Kürsü
Yanmaz bir kefen satmakla, Atatürk’e ait bir kitabı fahiş fiyata satmak arasındaki ortak şey nedir?
Follow @dusuncemektebi2
Kemal Öztürk- Yeni Şafak
Yanmaz bir kefen satmakla, Atatürk’e ait bir kitabı fahiş fiyata satmak arasındaki ortak şey nedir?
Atatürk’e aitmiş gibi gösterilen bir ideolojiyle, bir cemaat liderine aitmiş gibi gösterilen fikirlerin eleştirilemez ve dokunulamaz olmasının ortak yönü nedir?

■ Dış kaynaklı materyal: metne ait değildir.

lemma weighted_coag_le_majorant:
  assumes q: "kernel_bounded C q" and f: "f \<in> ell1 wt" and g: "g \<in> ell1 wt"
  shows "w n * \<bar>coag q f g n\<bar> \<le> C * coag_majorant f g n"
proof (cases "n = 0")
  case True
  then show ?thesis
    using kernel_bounded_nonneg[OF q] coag_majorant_nonneg[OF f g] by (simp add: coag_def)
next
  case False
  then have n: "1 \<le> n" by simp
  define F where "F = (\<lambda>i. wt i * \<bar>f i\<bar>)"
  define G where "G = (\<lambda>i. wt i * \<bar>g i\<bar>)"
  have C: "0 \<le> C" using kernel_bounded_nonneg[OF q] .
  have F: "0 \<le> F i" and G: "0 \<le> G i" for i
    unfolding F_def G_def using ell1_term_nonneg[OF wt_nonneg] f g by auto
  have gain: "w n * \<bar>\<Sum>j=1..n-1. q (n-j) j * f (n-j) * g j\<bar> \<le> C * (\<Sum>i\<le>n. G i * F (n - i))"
  proof -
    have "w n * \<bar>\<Sum>j=1..n-1. q (n-j) j * f (n-j) * g j\<bar> \<le>
        (\<Sum>j=1..n-1. w n * \<bar>q (n-j) j * f (n-j) * g j\<bar>)"
      using w_pos[OF n] by (simp add: mult_left_mono flip: sum_distrib_left)
    also have "\<dots> \<le> (\<Sum>j=1..n-1. C * (G j * F (n - j)))"
      using kernel_bounded_term[OF q, of "n - _" _ n] n
      by (intro sum_mono) (auto simp: F_def G_def ac_simps)
    also have "\<dots> \<le> (\<Sum>i\<le>n. C * (G i * F (n - i)))"
      using C F G by (intro sum_mono2) auto
    finally show ?thesis
      by (simp add: sum_distrib_left)
  qed
  have loss: "w n * \<bar>\<Sum>j. q n (Suc j) * f n * g (Suc j)\<bar> \<le> C * F n * wnorm wt g"
  proof -
    have abs_summable: "summable (\<lambda>j. \<bar>q n (Suc j) * f n * g (Suc j)\<bar>)"
      using coag_loss_abs_summable[OF q g n] .
    have G_summable: "summable (\<lambda>j. G (Suc j))"
      using g summable_Suc_iff[of G] by (simp add: ell1_def G_def)
    have "w n * \<bar>\<Sum>j. q n (Suc j) * f n * g (Suc j)\<bar> \<le> w n * (\<Sum>j. \<bar>q n (Suc j) * f n * g (Suc j)\<bar>)"
      using w_pos[OF n] abs_summable by (intro mult_left_mono summable_rabs) auto
    also have "\<dots> = (\<Sum>j. w n * \<bar>q n (Suc j) * f n * g (Suc j)\<bar>)"
      using abs_summable by (rule suminf_mult[symmetric])
    also have "\<dots> \<le> (\<Sum>j. C * F n * G (Suc j))"
      using kernel_bounded_term[OF q n, of "Suc _" n] n abs_summable G_summable
      by (intro suminf_le summable_mult) (auto simp: F_def G_def)
    also have "\<dots> = C * F n * (\<Sum>j. G (Suc j))"
      using G_summable by (rule suminf_mult)
    also have "(\<Sum>j. G (Suc j)) = wnorm wt g"
      using g suminf_split_head[of G] summable_Suc_iff[of G] G_summable
      by (simp add: ell1_def G_def wnorm_def)
    finally show ?thesis .
  qed
  have "\<bar>coag q f g n\<bar> \<le>
      1/2 * \<bar>\<Sum>j=1..n-1. q (n-j) j * f (n-j) * g j\<bar> + \<bar>\<Sum>j. q n (Suc j) * f n * g (Suc j)\<bar>"
    using False abs_triangle_ineq4 by (simp add: coag_def abs_mult)
  then have "w n * \<bar>coag q f g n\<bar> \<le>
      w n * (1/2 * \<bar>\<Sum>j=1..n-1. q (n-j) j * f (n-j) * g j\<bar> + \<bar>\<Sum>j. q n (Suc j) * f n * g (Suc j)\<bar>)"
    by (rule mult_left_mono) (rule w_nonneg[OF n])
  also have "\<dots> \<le> C * coag_majorant f g n"
    using gain loss by (simp add: coag_majorant_def F_def G_def algebra_simps)
  finally show ?thesis .
qed

lemma
  assumes q: "kernel_bounded C q" and f: "f \<in> ell1 wt" and g: "g \<in> ell1 wt"
  shows coag_in_ell1: "coag q f g \<in> ell1 w"
    and wnorm_coag_le: "wnorm w (coag q f g) \<le> 3/2 * C * wnorm wt f * wnorm wt g"
proof -
  have majorant: "(\<lambda>n. C * coag_majorant f g n) sums (C * (3/2 * wnorm wt f * wnorm wt g))"
    using coag_majorant_sums[OF f g] by (rule sums_mult)
  have le: "w n * \<bar>coag q f g n\<bar> \<le> C * coag_majorant f g n" for n
    using weighted_coag_le_majorant[OF q f g] .
  have nonneg: "0 \<le> w n * \<bar>coag q f g n\<bar>" for n
    using w_nonneg[of n] by (cases "n = 0") (simp_all add: coag_def)
  have summable: "summable (\<lambda>n. w n * \<bar>coag q f g n\<bar>)"
    using le nonneg by (intro summable_comparison_test'[OF sums_summable[OF majorant]]) auto
  then show "coag q f g \<in> ell1 w"
    by (simp add: ell1_def coag_def)
  show "wnorm w (coag q f g) \<le> 3/2 * C * wnorm wt f * wnorm wt g"
    using sums_le[OF le summable_sums[OF summable] majorant] by (simp add: wnorm_def ac_simps)
qed

lemma coag_loss_summable:
  assumes "kernel_bounded C q" and "g \<in> ell1 wt" and "1 \<le> n"
  shows "summable (\<lambda>j. q n (Suc j) * f n * g (Suc j))"
  using coag_loss_abs_summable[OF assms] by (rule summable_rabs_cancel)

lemma coag_diff_kernel:
  assumes "kernel_bounded C p" and "kernel_bounded D q" and "g \<in> ell1 wt"
  shows "coag (p - q) f g = coag p f g - coag q f g"
  using assms by (intro coag_eq_diff coag_loss_summable) (auto simp: algebra_simps)

lemma coag_square_diff:
  assumes q: "kernel_bounded C q" and f: "f \<in> ell1 wt" and g: "g \<in> ell1 wt"
  shows "coag q f f - coag q g g = coag q (f - g) f + coag q g (f - g)"
proof -
  have "coag q (f - g) f = coag q f f - coag q g f"
    using q f by (intro coag_eq_diff coag_loss_summable) (auto simp: algebra_simps)
  moreover have "coag q g (f - g) = coag q g f - coag q g g"
    using q f g by (intro coag_eq_diff coag_loss_summable) (auto simp: algebra_simps)
  ultimately show ?thesis
    by simp
qed

lemma wnorm_coag_square_diff_le:
  assumes q: "kernel_bounded C q" and f: "f \<in> ell1 wt" and g: "g \<in> ell1 wt"
  shows "wnorm w (coag q f f - coag q g g) \<le> 3/2 * C * (wnorm wt f + wnorm wt g) * wnorm wt (f - g)"
proof -
  have fg: "f - g \<in> ell1 wt"
    using wt_nonneg f g by (rule ell1_diff)
  have "wnorm w (coag q f f - coag q g g) \<le> wnorm w (coag q (f - g) f) + wnorm w (coag q g (f - g))"
    unfolding coag_square_diff[OF q f g]
    using w_nonneg coag_in_ell1[OF q fg f] coag_in_ell1[OF q g fg] by (rule wnorm_add_le)
  also have "\<dots> \<le> 3/2 * C * wnorm wt (f - g) * wnorm wt f + 3/2 * C * wnorm wt g * wnorm wt (f - g)"
    using wnorm_coag_le[OF q fg f] wnorm_coag_le[OF q g fg] by (rule add_mono)
  finally show ?thesis
    by (simp add: algebra_simps)
qed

Bana göre ‘kutsallık’ atfıdır.
KUTSAL KORUMA KALKANI
Kutsallık, dünyaya ait bir metaı, gerçek olmayan manevi bir zırhla koruma altına almaktır. Amacı, bu metadan dünyaya ait bir çıkar sağlamakken, dışarıya gösterilen tutum ise sahte bir manevi değerdir.
Bu meta bazen bir ticari mal olurken, bazen bir lider, bir şeyh, bir parti, bir cemaat, bir tarikat, bir kitap, bir ideoloji, bir mekan, bir ütopya olabilir.

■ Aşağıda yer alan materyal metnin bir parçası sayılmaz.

lemma coeff_qpoly_of_coeffs_power:
  "coeff (qpoly_of_coeffs c N) (q ^ j) = (if j < N then c j else 0)"
proof -
  have "coeff (qpoly_of_coeffs c N) (q ^ j) = (\<Sum>i<N. if i = j then c i else 0)"
    unfolding qpoly_of_coeffs_def coeff_sum
    by (intro sum.cong) (auto simp: coeff_monom power_q_inject)
  then show ?thesis by simp
qed

lemma coeff_qpoly_of_coeffs_nonpower:
  "(\<And>j. i \<noteq> q ^ j) \<Longrightarrow> coeff (qpoly_of_coeffs c N) i = 0"
  unfolding qpoly_of_coeffs_def coeff_sum by (intro sum.neutral) (auto simp: coeff_monom)

lemma poly_qpoly_of_coeffs: "poly (qpoly_of_coeffs c N) x = (\<Sum>j<N. c j * x ^ (q ^ j))"
  unfolding qpoly_of_coeffs_def by (simp add: poly_sum poly_monom)

lemma qpoly_expansion:
  assumes "is_qpoly q (P::'a poly)"
  shows "P = qpoly_of_coeffs (\<lambda>j. coeff P (q ^ j)) (degree P)"
proof (rule poly_eqI)
  fix i
  show "coeff P i = coeff (qpoly_of_coeffs (\<lambda>j. coeff P (q ^ j)) (degree P)) i"
  proof (cases "\<exists>j. i = q ^ j")
    case True
    then obtain j where j: "i = q ^ j" by blast
    show ?thesis
    proof (cases "j < degree P")
      case False
      then have "degree P < q ^ j"
        using less_power_q[of "degree P"] power_q_le_iff[of "degree P" j] by linarith
      then show ?thesis using j False by (simp add: coeff_eq_0 coeff_qpoly_of_coeffs_power)
    qed (simp add: j coeff_qpoly_of_coeffs_power)
  next
    case False
    then show ?thesis
      using assms coeff_qpoly_of_coeffs_nonpower unfolding is_qpoly_def by metis
  qed
qed

lemma is_qpoly_0: "is_qpoly q (0::'a poly)"
  by (simp add: is_qpoly_def)

lemma is_qpoly_add: "is_qpoly q (P::'a poly) \<Longrightarrow> is_qpoly q R \<Longrightarrow> is_qpoly q (P + R)"
  unfolding is_qpoly_def by (metis add.right_neutral coeff_add)

lemma is_qpoly_diff: "is_qpoly q (P::'a poly) \<Longrightarrow> is_qpoly q R \<Longrightarrow> is_qpoly q (P - R)"
  unfolding is_qpoly_def by (metis coeff_diff diff_zero diff_self)

lemma is_qpoly_smult: "is_qpoly q (P::'a poly) \<Longrightarrow> is_qpoly q (smult a P)"
  unfolding is_qpoly_def by fastforce

lemma is_qpoly_monom: "is_qpoly q (monom (a::'a) (q ^ j))"
  unfolding is_qpoly_def by (auto simp: coeff_monom)

lemma is_qpoly_sum: "(\<And>i. i \<in> A \<Longrightarrow> is_qpoly q (f i :: 'a poly)) \<Longrightarrow> is_qpoly q (sum f A)"
  by (induction A rule: infinite_finite_induct) (auto simp: is_qpoly_0 is_qpoly_add)

lemma qpoly_coeff_0: "is_qpoly q (P::'a poly) \<Longrightarrow> coeff P 0 = 0"
  unfolding is_qpoly_def using q_pos by (metis less_numeral_extra(3) power_eq_0_iff)

lemma qpoly_poly_0: "is_qpoly q (P::'a poly) \<Longrightarrow> poly P 0 = 0"
  by (simp add: poly_0_coeff_0 qpoly_coeff_0)

lemma qpoly_degree_pos: "is_qpoly q (P::'a poly) \<Longrightarrow> P \<noteq> 0 \<Longrightarrow> degree P > 0"
  by (metis qpoly_coeff_0 degree_0_id pCons_0_0 neq0_conv)

lemma degree_qpoly: "is_qpoly q (P::'a poly) \<Longrightarrow> P \<noteq> 0 \<Longrightarrow> degree P = q ^ qdeg q P"
  unfolding qdeg_def is_qpoly_def by (rule LeastI_ex) simp

lemma qdeg_eqI: "degree (P::'a poly) = q ^ j \<Longrightarrow> qdeg q P = j"
  unfolding qdeg_def by (rule Least_equality) (auto simp: power_q_inject)

lemma poly_qpoly_expansion: "is_qpoly q (P::'a poly) \<Longrightarrow>
    poly P x = (\<Sum>j<degree P. coeff P (q ^ j) * x ^ (q ^ j))"
  by (subst qpoly_expansion) (simp_all add: poly_qpoly_of_coeffs)

lemma poly_qpoly_add: "is_qpoly q (P::'a poly) \<Longrightarrow> poly P (x + y) = poly P x + poly P y"
  by (simp add: poly_qpoly_expansion frobenius_add distrib_left sum.distrib)

lemma poly_qpoly_diff: "is_qpoly q (P::'a poly) \<Longrightarrow> poly P (x - y) = poly P x - poly P y"
  using poly_qpoly_add[of P "x - y" y] by simp

lemma poly_qpoly_Fq_mult:
  "is_qpoly q (P::'a poly) \<Longrightarrow> c \<in> Fq q \<Longrightarrow> poly P (c * x) = c * poly P x"
  by (simp add: poly_qpoly_expansion power_mult_distrib Fq_power sum_distrib_left mult_ac)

Hepsinin temelinde çıkar sağlamak vardır. Bazen ticari, bazen siyasi, bazen sosyal çıkar.
Kutsallık, bir koruma kalkanıdır. Üzerine örtülen her türlü metaı dokunulmaz, eleştirilmez, ulaşılmaz ve yenilmez kılar. Böylece o meta yaratılmış, fani ve değişebilir olmaktan çıkıp; değiştirilemez ve dokunulamaz ‘ölümsüz’ bir kisveye bürünür.
Atatürk’ün şahsi manevisi kanunla koruma altına alınmıştır. ‘Kemalizm’ eleştirisi uzun yıllar yapılamamış, yapanlar hapse atılmış, Kemalizm ilkeleri anayasa haline getirilmiş ve değiştirilmesi dahi teklif edilememiştir.
Birçok cemaat liderinin şahsi manevisi de görünmez bir kanunla koruma altındadır. Birinde siyasi, diğerinde dünyevi bir çıkar söz konusudur.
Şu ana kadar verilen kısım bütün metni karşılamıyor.